Tidies the code, and will make the upcoming refactor a little easier.
arVM: a56d606 | jnthn++ | src/mast/compiler.c:
Switch over to using label identity for matching.

Means we can elminate a couple of hashes, but also that labels will no longer need to have a unique name generated.
arVM: 82ca33d | jnthn++ | src/mast/nodes_moar.h:
Remove name from MAST_Label; now unused.
15:08
timotimo hm. my numify → elems + coerce_in opt doesn't seem to be correct :\ 15:11
dalek arVM: 4656e18 | jnthn++ | lib/MAST/Nodes.nqp:
Remove name from MAST::Label and its constructor.

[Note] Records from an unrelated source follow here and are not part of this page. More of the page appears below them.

lemma span_orbit_closed:
  assumes linear_T: "\<And>g. linear (T g)"
    and T_mult: "\<And>g h. g \<in> carrier G \<Longrightarrow> h \<in> carrier G \<Longrightarrow> T (g \<otimes> h) = T g \<circ> T h"
    and y: "y \<in> carrier G" and w: "w \<in> span ((\<lambda>g. T g w0) ` carrier G)"
  shows "T y w \<in> span ((\<lambda>g. T g w0) ` carrier G)"
proof -
  have "T y ` (\<lambda>g. T g w0) ` carrier G \<subseteq> (\<lambda>g. T g w0) ` carrier G"
    unfolding image_image
  proof (rule image_subsetI)
    fix g assume "g \<in> carrier G"
    then show "T y (T g w0) \<in> (\<lambda>g. T g w0) ` carrier G"
      using T_mult[OF y] y by (intro image_eqI[of _ _ "y \<otimes> g"]) auto
  qed
  then have "span (T y ` (\<lambda>g. T g w0) ` carrier G) \<subseteq> span ((\<lambda>g. T g w0) ` carrier G)"
    by (rule span_mono)
  then have "T y ` span ((\<lambda>g. T g w0) ` carrier G) \<subseteq> span ((\<lambda>g. T g w0) ` carrier G)"
    unfolding span_linear_image[OF linear_T] .
  then show ?thesis
    using w by blast
qed

lemma matrix_coefficient_sq_le:
  fixes T :: "'g \<Rightarrow> 'v::euclidean_space \<Rightarrow> 'v" and L :: "'v \<Rightarrow> real"
  assumes linear_T: "\<And>g. linear (T g)"
    and T_mult: "\<And>g h. g \<in> carrier G \<Longrightarrow> h \<in> carrier G \<Longrightarrow> T (g \<otimes> h) = T g \<circ> T h"
    and continuous_T: "\<And>w. continuous_on (carrier G) (\<lambda>g. T g w)"
    and L: "linear L" and W: "subspace W"
    and invariant: "\<And>g w. g \<in> carrier G \<Longrightarrow> w \<in> W \<Longrightarrow> T g w \<in> W"
    and w: "w \<in> W" and x: "x \<in> carrier G"
  shows "(L (T x w))\<^sup>2 \<le> dim W * (\<integral>g. (L (T g w))\<^sup>2 \<partial>\<mu>)"
proof -
  have continuous: "continuous_on (carrier G) (\<lambda>g. L (T g u) * L (T g w))" for u w
    using bounded_linear.continuous_on[OF L[unfolded linear_conv_bounded_linear] continuous_T]
    by (intro continuous_intros)
  have linear_coefficient: "linear (\<lambda>w. L (T g w))" for g
    using linear_compose[OF linear_T L] by (simp add: comp_def)
  have integrable: "integrable \<mu> (\<lambda>g. L (T g u) * L (T g w))" for u w
    by (rule integrable_continuous_on_carrier[OF continuous])
  have null: "L (T x w) = 0"
    if "w \<in> W" "(\<integral>g. L (T g w) * L (T g w) \<partial>\<mu>) = 0" "x \<in> carrier G" for w x
    using continuous_nonneg_integral_eq_0_imp_zero[OF continuous _ that(2,3)] by simp
  have translate: "\<exists>w'\<in>W. \<forall>g\<in>carrier G. L (T g w') = L (T (g \<otimes> y) w)"
    if "y \<in> carrier G" "w \<in> W" for y w
    using that invariant T_mult by auto
  interpret right_invariant_function_space G \<mu> "\<lambda>w g. L (T g w)" W
    by intro_locales
      (rule right_invariant_function_space_axioms.intro[OF space_eq measurable_mult_right
          distr_mult_right linear_coefficient integrable null W translate])
  show ?thesis
    using eval_sq_le_dim_mult_gram[OF w x] unfolding gram_def by (simp add: power2_eq_square)
qed

lemma action_coefficient_power_sq_le:
  fixes \<rho> :: "'g \<Rightarrow> real^'n^'n" and l :: "real^'n \<Rightarrow> real"
  assumes \<rho>: "continuous_linear_action G \<rho>" and l: "linear l" and x: "x \<in> carrier G"
  shows "(l (\<rho> x *v v) ^ CARD('k))\<^sup>2
    \<le> dim (span ((\<lambda>g. tensor_act (\<rho> g) (tensor_pow v :: real^('n^'k))) ` carrier G))
      * (\<integral>g. (l (\<rho> g *v v) ^ CARD('k))\<^sup>2 \<partial>\<mu>)"
proof -
  have \<rho>_one: "\<rho> \<one> = mat 1"
    and \<rho>_mult: "\<And>g h. g \<in> carrier G \<Longrightarrow> h \<in> carrier G \<Longrightarrow> \<rho> (g \<otimes> h) = \<rho> g ** \<rho> h"
    and \<rho>_continuous: "continuous_on (carrier G) \<rho>"
    using \<rho> unfolding continuous_linear_action_def by auto
  define T :: "'g \<Rightarrow> real^('n^'k) \<Rightarrow> real^('n^'k)" where "T g = tensor_act (\<rho> g)" for g
  define W where "W = span ((\<lambda>g. T g (tensor_pow v)) ` carrier G)"
  define c where "c = adjoint l 1"
  have "l u = c \<bullet> u" for u
    using adjoint_clauses(2)[OF l, of 1 u] unfolding c_def by simp
  then have coefficient: "tensor_pow c \<bullet> T g (tensor_pow v) = l (\<rho> g *v v) ^ CARD('k)" for g
    unfolding T_def tensor_act_tensor_pow inner_tensor_pow by simp
  have linear_T: "linear (T g)" for g
    unfolding T_def by (rule linear_tensor_act)
  have T_mult: "T (g \<otimes> h) = T g \<circ> T h" if "g \<in> carrier G" "h \<in> carrier G" for g h
    using \<rho>_mult[OF that] by (simp add: T_def fun_eq_iff tensor_act_tensor_act)
  have continuous_T: "continuous_on (carrier G) (\<lambda>g. T g w)" for w
    unfolding T_def by (rule continuous_on_tensor_act[OF \<rho>_continuous])
  have "T \<one> (tensor_pow v) = tensor_pow v"
    unfolding T_def \<rho>_one tensor_act_tensor_pow by simp
  then have v_in_W: "tensor_pow v \<in> W"
    unfolding W_def by (metis one_closed image_eqI span_base)
  have subspace_W: "subspace W"
    unfolding W_def by (rule subspace_span)
  have W_invariant: "T g w \<in> W" if "g \<in> carrier G" "w \<in> W" for g w
    using span_orbit_closed[OF linear_T T_mult that(1)] that(2) unfolding W_def by blast
  have "(tensor_pow c \<bullet> T x (tensor_pow v))\<^sup>2
      \<le> dim W * (\<integral>g. (tensor_pow c \<bullet> T g (tensor_pow v))\<^sup>2 \<partial>\<mu>)"
    by (rule matrix_coefficient_sq_le[OF linear_T T_mult continuous_T
          bounded_linear.linear[OF bounded_linear_inner_right] subspace_W
          W_invariant v_in_W x])
  then have "(l (\<rho> x *v v) ^ CARD('k))\<^sup>2 \<le> dim W * (\<integral>g. (l (\<rho> g *v v) ^ CARD('k))\<^sup>2 \<partial>\<mu>)"
    by (simp only: coefficient)
  then show ?thesis
    unfolding W_def T_def .
qed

Breaking API change; requires NQP and Rakudo updates.
15:14
timotimo oh, it could be that the call gets tossed by the unused optimization?
jnthn timotimo: Is that one you've committed?
timotimo not yet
jnthn OK, good...I need to bump
timotimo this time i'm testing properly before i commit! :P
jnthn Yes, you probably should be setting usages up on things you add. 15:15
timotimo on temp registers, too?
jnthn Yes
timotimo that may explain it :)
jnthn Dead code elimination will happily kill instructions involving temp registers too :)
timotimo that fixed it, yay 15:17
this optimization runs often
nwc10 jnthn: "works" on "my" machine - 2 spectests currently aren't clear 15:46
or are flapping
15:51 zakharyas joined
dalek arVM: 84b5348 | (Timo Paulssen)++ | src/spesh/optimize.c:
release the temp register at the end.
15:53
arVM: acaa897 | (Timo Paulssen)++ | src/spesh/optimize.c:
spesh smrt_numify, bump usage counter of temp reg.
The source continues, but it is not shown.